Glossary¶
- BAM¶
The comprehensive raw data of genome sequencing. BAM is a binary format for storing sequence data.
- base-quality¶
The base quality score is a measure of the quality of the identification of the nucleobases generated by automated DNA sequencing. Essentially, this is an indication of the likelihood of this base call being correct.
- child¶
An object or node which can be found under another node in a hierarchy (e.g., in the PhenoCODE Metadata tree)
- cohort¶
A group of people with a shared characteristic. In terms of Sequence Miner, a group of subjects in either the case group or control group. See cohort analysis.
- cohort analysis¶
A subset of analytics that identifies relationships between the phenotypic and genomic data of two groups: cases and controls. Two main types of report builders exist for cohort analysis in Sequence Miner: 1) Variant-based association tests and 2) Gene-based association tests.
- collapse¶
Hide an item or object in a menu or heirarchy by clicking the arrow next to it.
- Clinical Sequence Analyzer¶
The Clinical Sequence Analyzer (CSA) is a GUI tool used for data mining and report generation from raw genetic data.
- expand¶
Show an item or object in a menu or hierarchy by clicking the arrow next to it.
- gene association¶
Definition
- Gene Ontology¶
Definition
- genome¶
The complete set of genes or genetic material present in a cell or organism.
- genomic ordered data¶
Genomic data ordered by the genomic position of the data.
- GOR¶
Genomic Ordered Relation.
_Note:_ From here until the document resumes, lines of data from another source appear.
lemma z2_closed2:
  fixes g :: "int \<Rightarrow> int \<Rightarrow> int"
  assumes a: "z2_seq a" and b: "z2_seq b"
    and g: "\<And>x y m. g (x mod m) (y mod m) mod m = g x y mod m"
  shows "z2_seq (\<lambda>n. g (a n) (b n) mod 2 ^ n)"
  unfolding z2_seq_def
proof (intro allI conjI)
  fix n :: nat
  show "0 \<le> g (a n) (b n) mod 2 ^ n" by simp
  show "g (a n) (b n) mod 2 ^ n < 2 ^ n" by simp
  have "g (a (Suc n)) (b (Suc n)) mod 2 ^ Suc n mod 2 ^ n = g (a (Suc n)) (b (Suc n)) mod 2 ^ n"
    by (simp add: mod_mod_cancel)
  also have "\<dots> = g (a (Suc n) mod 2 ^ n) (b (Suc n) mod 2 ^ n) mod 2 ^ n" by (rule g[symmetric])
  also have "\<dots> = g (a n) (b n) mod 2 ^ n" using a b unfolding z2_seq_def by simp
  finally show "g (a (Suc n)) (b (Suc n)) mod 2 ^ Suc n mod 2 ^ n = g (a n) (b n) mod 2 ^ n" .
qed

lemma z2_seq_0: "z2_seq (\<lambda>n. 0)" by (simp add: z2_seq_def)

instantiation z2 :: comm_ring_1
begin

lift_definition zero_z2 :: z2 is "\<lambda>n. 0" by (rule z2_seq_0)
lift_definition one_z2 :: z2 is "\<lambda>n. 1 mod 2 ^ n"
  using z2_closed2[OF z2_seq_0 z2_seq_0, where g="\<lambda>x y. 1"] by simp
lift_definition plus_z2 :: "z2 \<Rightarrow> z2 \<Rightarrow> z2" is "\<lambda>a b n. (a n + b n) mod 2 ^ n"
  by (rule z2_closed2) (simp_all add: mod_add_eq)
lift_definition uminus_z2 :: "z2 \<Rightarrow> z2" is "\<lambda>a n. (- a n) mod 2 ^ n"
  by (rule z2_closed2[where g="\<lambda>x y. - x", OF _ z2_seq_0]) (simp_all add: mod_minus_eq)
lift_definition minus_z2 :: "z2 \<Rightarrow> z2 \<Rightarrow> z2" is "\<lambda>a b n. (a n - b n) mod 2 ^ n"
  by (rule z2_closed2) (simp_all add: mod_diff_eq)
lift_definition times_z2 :: "z2 \<Rightarrow> z2 \<Rightarrow> z2" is "\<lambda>a b n. (a n * b n) mod 2 ^ n"
  by (rule z2_closed2) (simp_all add: mod_mult_eq)

instance
proof
  fix a b c :: z2
  show "a + b + c = a + (b + c)"
    by transfer (simp add: mod_add_left_eq mod_add_right_eq add.assoc)
  show "a + b = b + a" by transfer (simp add: add.commute)
  show "0 + a = a" by transfer (simp add: z2_seq_mod)
  show "- a + a = 0" by transfer (simp add: mod_add_left_eq)
  show "a - b = a + - b" by transfer (simp add: mod_add_right_eq)
  show "a * b * c = a * (b * c)"
    by transfer (simp add: mod_mult_left_eq mod_mult_right_eq mult.assoc)
  show "a * b = b * a" by transfer (simp add: mult.commute)
  show "1 * a = a"
  proof transfer
    fix a :: "nat \<Rightarrow> int"
    assume "z2_seq a"
    then show "(\<lambda>n. 1 mod 2 ^ n * a n mod 2 ^ n) = a"
      unfolding fun_eq_iff by (simp only: mod_mult_left_eq) (simp add: z2_seq_mod)
  qed
  show "(a + b) * c = a * c + b * c"
    by transfer (simp add: mod_mult_left_eq mod_add_eq distrib_right)
  show "(0::z2) \<noteq> 1"
  proof transfer
    have "(1::int) mod 2 ^ 1 \<noteq> 0" by simp
    then show "(\<lambda>n. 0::int) \<noteq> (\<lambda>n. 1 mod 2 ^ n)" by metis
  qed
qed

end
lift_definition red :: "nat \<Rightarrow> z2 \<Rightarrow> int" is "\<lambda>n s. s n" .

definition v2 :: "z2 \<Rightarrow> enat" where
  "v2 y = (if y = 0 then \<infinity> else enat (GREATEST m. (2::z2) ^ m dvd y))"

text \<open>Elements of Z/2^n Z are represented by their residues in {0..<2^n}.\<close>
definition fn :: "z2 poly \<Rightarrow> nat \<Rightarrow> int \<Rightarrow> int" where
  "fn f n r = red n (poly f (of_int r))"

primrec piter :: "z2 poly \<Rightarrow> nat \<Rightarrow> z2 poly" where
  "piter f 0 = [:0, 1:]"
| "piter f (Suc k) = pcompose f (piter f k)"

text \<open>A cycle of f_n, as the set of its points (a periodic orbit); its length is its cardinality.\<close>
definition is_cycle :: "z2 poly \<Rightarrow> nat \<Rightarrow> int set \<Rightarrow> bool" where
  "is_cycle f n C \<longleftrightarrow> (\<exists>x k. 0 < k \<and> x \<in> {0..<2^n} \<and> (fn f n ^^ k) x = x \<and>
       C = {(fn f n ^^ i) x | i. i < k})"

definition above :: "z2 poly \<Rightarrow> nat \<Rightarrow> int set \<Rightarrow> nat \<Rightarrow> int set \<Rightarrow> bool" where
  "above f n C m D \<longleftrightarrow> n \<le> m \<and> is_cycle f m D \<and> (\<lambda>y. y mod 2^n) ` D \<subseteq> C"

definition lifts :: "z2 poly \<Rightarrow> nat \<Rightarrow> int set \<Rightarrow> int set set" where
  "lifts f n C = {D. above f n C (Suc n) D}"

definition grows :: "z2 poly \<Rightarrow> nat \<Rightarrow> int set \<Rightarrow> bool" where
  "grows f n C \<longleftrightarrow> (\<exists>D. lifts f n C = {D} \<and> card D = 2 * card C)"

definition splits :: "z2 poly \<Rightarrow> nat \<Rightarrow> int set \<Rightarrow> bool" where
  "splits f n C \<longleftrightarrow> card (lifts f n C) = 2 \<and> (\<forall>D \<in> lifts f n C. card D = card C)"

text \<open>Value at x of the formal derivative of p (written out, since pderiv in the library
  requires a ring without zero divisors type class).\<close>
definition deriv_at :: "z2 poly \<Rightarrow> z2 \<Rightarrow> z2" where
  "deriv_at p x = (\<Sum>i\<le>degree p. of_nat i * coeff p i * x ^ (i - 1))"

text \<open>a_n(x) = (f^k)'(x) and b_n(x) = (f^k(x) - x)/2^n, k the length of the cycle C at level n.\<close>
definition acoef :: "z2 poly \<Rightarrow> nat \<Rightarrow> int set \<Rightarrow> z2 \<Rightarrow> z2" where
  "acoef f n C x = deriv_at (piter f (card C)) x"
The main component of GOR is the GOR data processing language, but other components are the GORServer, GORWorker, and AppServer.
The term “GOR” may be used in reference to:
The declarative query language used to structure commands to access information in the GOR database.
The GOR database itself.
The GOR architecture as a whole.
The act of merging two streams together, e.g. to “gor” together two files.
- GORpipe¶
A command line interface for the GOR language.
- GOR stream¶
A stream of data that is genomic-ordered. In other words, the output from a GOR query.
- GOR Query Language¶
The subject of this manual. A query language for processing, filtering, and outputting genomic-ordered (and non-ordered) relational data.
- heterozygous¶
In terms of the genotype of a diploid organism, a pair of different alleles at a locus on the DNA.
- homozygous¶
In the genotype of a diploid organism, a pair of identical alleles at a single locus on the DNA.
- leaf¶
The end object or node in an object hierarchy or tree, found by expanding the parent nodes (e.g., in the PhenoCODE Metadata tree). See expand.
- mitochrondrial DNA¶
(also known as mtDNA) DNA located in the mitochondria, cellular organelles within eukaryotic cells that convert chemical energy from food into a form that cells can use. Genetic material that is passed down from mothers to sons and daughters.
- OMIM¶
Online Mendelian Inheritance in Man - a continuously updated catalog of human genes and genetic disorders and traits, with a particular focus on the gene-phenotype relationship.
- NOR¶
Non-Ordered Relations. A subset of the commands in the GOR query language is also usable in NOR.
- paralogs¶
Definition
- parent¶
In a hierarchy or tree, the parent is the next object or node above a selected node (e.g., in the PhenoCODE Metadata tree).
- PhenoCODE¶
A phenotype exploration module in Sequence Miner.
- position¶
Also labeled as “POS”. The (first) basepair position of the sequence variant, e.g. the position of the first nucleotide in the Reference column.
- relation¶
In PhenoCODE, data is kept together in a relation.
- root¶
A single top-most object or node in a hierarchy or tree (e.g. PN in the PhenoCODE Metadata tree).
- Sequence Miner¶
The GUI tool used by advanced users of WuXi NextCODE’s tools, which enables deep data mining and custom queries on top of raw genetic data as well as derived data.
- variant association¶
Definition
- variants¶
All the different ways that one person’s DNA sequence can differ from the reference DNA sequence (e.g. Single nucleotide polymorphisms, insertions, deletions, substitutions, structural variants).
- Variant Effect Predictor¶
The Variant Effect Predictor, or VEP, determines the effect of your variants (see above) on genes, transcripts, and protein sequence, as well as regulatory regions.
- zero-based position¶
A numbering format that starts from zero where individual bases in the genomic sequence actually occupy the spaces between the numbers. 0-based systems include UCSC, where other systems like Ensembl use 1-based. GOR is 1-based.